On the other hand, assume Harry and Wilma each have a bypass trust clause in their wills. They have arranged their affairs so that each of them has approximately $750,000.00 of assets in his or her individual name. By doing this they each have assets to fund a bypass trust in the event they are the first to die. When Harry dies, $75,000.00 will go outright to Wilma, and the remaining $675,000.00 of his assets are placed in a bypass trust. Wilma will get the income from the trust for life, and the trustee can also use principal from the trust for Wilma's health, welfare and other needs. Harry and Wilma's two children will get the principal that remains in the trust when Wilma dies. The bypass trust in this case assures that both parties' lifetime $675,000.00 exemption is used. As a result, when Harry dies up to $675,000.00 of his estate will be protected by his unified credit, and the rest will be due.
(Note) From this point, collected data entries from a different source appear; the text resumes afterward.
lemma complement_projection_schur_complement:
  fixes B :: "nat \<Rightarrow> nat \<Rightarrow> 'a::comm_ring_1"
  assumes T: "finite T" and p: "p \<in> S" and q: "q \<in> T" and g: "g * B p q = 1"
    and proj: "complement_projection (S - {p}) (T - {q}) (schur_complement B p q g) \<pi>'"
  shows "complement_projection S T B (\<lambda>y. \<pi>' (clear_pivot S B p q g y))"
proof -
  let ?S' = "S - {p}" and ?T' = "T - {q}" and ?B' = "schur_complement B p q g"
    and ?clear = "clear_pivot S B p q g"
  have pr_add: "\<And>x y. \<pi>' (x + y) = \<pi>' x + \<pi>' y"
    and pr_scale: "\<And>r x. \<pi>' (vscale r x) = vscale r (\<pi>' x)"
    and pr_complement: "\<And>y. \<forall>i. i \<notin> ?S' \<longrightarrow> y i = 0 \<Longrightarrow>
          (\<forall>i. i \<notin> ?S' \<longrightarrow> \<pi>' y i = 0) \<and> y - \<pi>' y \<in> range (mat_on ?S' ?T' ?B')"
    and pr_kills: "\<And>v. \<pi>' (mat_on ?S' ?T' ?B' v) = 0"
    using proj unfolding complement_projection_def by blast+
  have clear_add: "?clear (x + y) = ?clear x + ?clear y" for x y
    by (simp add: clear_pivot_def fun_eq_iff algebra_simps)
  have clear_scale: "?clear (vscale r x) = vscale r (?clear x)" for r x
    by (simp add: clear_pivot_def vscale_def fun_eq_iff algebra_simps)
  have complement: "(\<forall>i. i \<notin> S \<longrightarrow> \<pi>' (?clear y) i = 0) \<and> y - \<pi>' (?clear y) \<in> range (mat_on S T B)"
    if y: "\<forall>i. i \<notin> S \<longrightarrow> y i = 0" for y
  proof -
    have "?clear y i = 0" if "i \<notin> ?S'" for i
    proof -
      from that consider "i = p" | "i \<notin> S" by blast
      then show ?thesis
      proof cases
        case 1
        have "B p q * g = 1" using g by (simp add: mult.commute)
        with 1 p show ?thesis by (simp add: clear_pivot_def mult.assoc[symmetric])
      next
        case 2 then show ?thesis using y by (simp add: clear_pivot_def)
      qed
    qed
    then have "(\<forall>i. i \<notin> ?S' \<longrightarrow> \<pi>' (?clear y) i = 0) \<and> ?clear y - \<pi>' (?clear y) \<in> range (mat_on ?S' ?T' ?B')"
      by (intro pr_complement) blast
    then obtain w where w: "?clear y - \<pi>' (?clear y) = mat_on ?S' ?T' ?B' w"
      and supp: "\<forall>i. i \<notin> ?S' \<longrightarrow> \<pi>' (?clear y) i = 0" by blast
    define v where "v = w(q := g * y p - g * (\<Sum>k\<in>?T'. B p k * w k))"
    have on_T': "(\<Sum>k\<in>?T'. f k * v k) = (\<Sum>k\<in>?T'. f k * w k)" for f
      by (rule sum.cong) (auto simp: v_def)
    have pivot: "v q + g * (\<Sum>k\<in>?T'. B p k * w k) = g * y p"
      by (simp add: v_def)
    have "y - \<pi>' (?clear y) = mat_on S T B v"
    proof
      fix i
      have "y i - \<pi>' (?clear y) i = (if i \<in> S then B i q else 0) * (g * y p) + mat_on ?S' ?T' ?B' w i"
        using fun_cong[OF w, of i] by (simp add: clear_pivot_def algebra_simps)
      moreover have "(\<Sum>k\<in>T. B i k * v k) = B i q * (g * y p) + (\<Sum>k\<in>?T'. ?B' i k * w k)"
        using sum_schur_complement[OF T q, where B=B and i=i and v=v and g=g and p=p]
        by (simp only: pivot on_T')
      ultimately show "(y - \<pi>' (?clear y)) i = mat_on S T B v i"
        by (simp add: mat_on_def schur_complement_pivot_row[of g B p q, OF g])
    qed
    then show ?thesis using supp by auto
  qed
  show ?thesis unfolding complement_projection_def
    using complement pr_kills clear_pivot_mat_on[where B=B, OF T p q g]
    by (simp add: clear_add clear_scale pr_add pr_scale)
qed

lemma complement_projection_exists:
  fixes B :: "nat \<Rightarrow> nat \<Rightarrow> 'a::comm_ring_1"
  assumes mi: "is_ideal (max_ideal::'a set)" and "finite T" and "kernel_lifts_mod_max S T B"
  shows "\<exists>\<pi>. complement_projection S T B \<pi>"
  using assms(2,3)
proof (induction "card T" arbitrary: S T B rule: less_induct)
  case less
  show ?case
  proof (cases "\<forall>i\<in>S. \<forall>j\<in>T. B i j \<in> max_ideal")
    case True
    then have "mat_on S T B v = 0" for v
      using kernel_lifts_max_ideal_entries_zero[OF mi less.prems] by (auto simp: mat_on_def fun_eq_iff)
    then show ?thesis by (auto simp: complement_projection_def intro!: exI[of _ "\<lambda>y. y"])
  next
    case False
    then obtain p q where p: "p \<in> S" and q: "q \<in> T" and "B p q \<notin> max_ideal" by blast
    then obtain g where g: "g * B p q = 1" using unit_of_not_max_ideal by blast
    have "card (T - {q}) < card T" using q less.prems(1) by (meson card_Diff1_less)
    then obtain \<pi>' where "complement_projection (S - {p}) (T - {q}) (schur_complement B p q g) \<pi>'"
      using less.hyps less.prems kernel_lifts_schur_complement[where B=B, OF mi less.prems(1) p q g] by blast
    then show ?thesis using complement_projection_schur_complement[where B=B, OF less.prems(1) p q g] by blast
  qed
qed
When Wilma dies, her estate will be worth approximately $825,000.00 (assuming the assets have not grown in value). Wilma's estate will be able to use her unified credit to shield $675,000.00 of her estate from tax, and only $38,800 federal estate tax will be due on the remaining $150,000.00.

In this example, by using the bypass trust estate taxes have been reduced by $238,750.

However, both Harry and Wilma must each have assets in their names at the time of their deaths in order to have funds to put in the bypass trust. This could be done by dividing the joint bank accounts, and changing the designation of beneficiary on Harry's pension to read one-half to Wilma and one-half to Harry's estate.

Additional steps that Harry and Wilma could take to reduce estate taxes would be to give away some of their assets that they do not think they will need. They can give $20,000.00 to each beneficiary that they choose for each year that they are both alive. They can also make unlimited charitable deductions to reduce the size of their estates.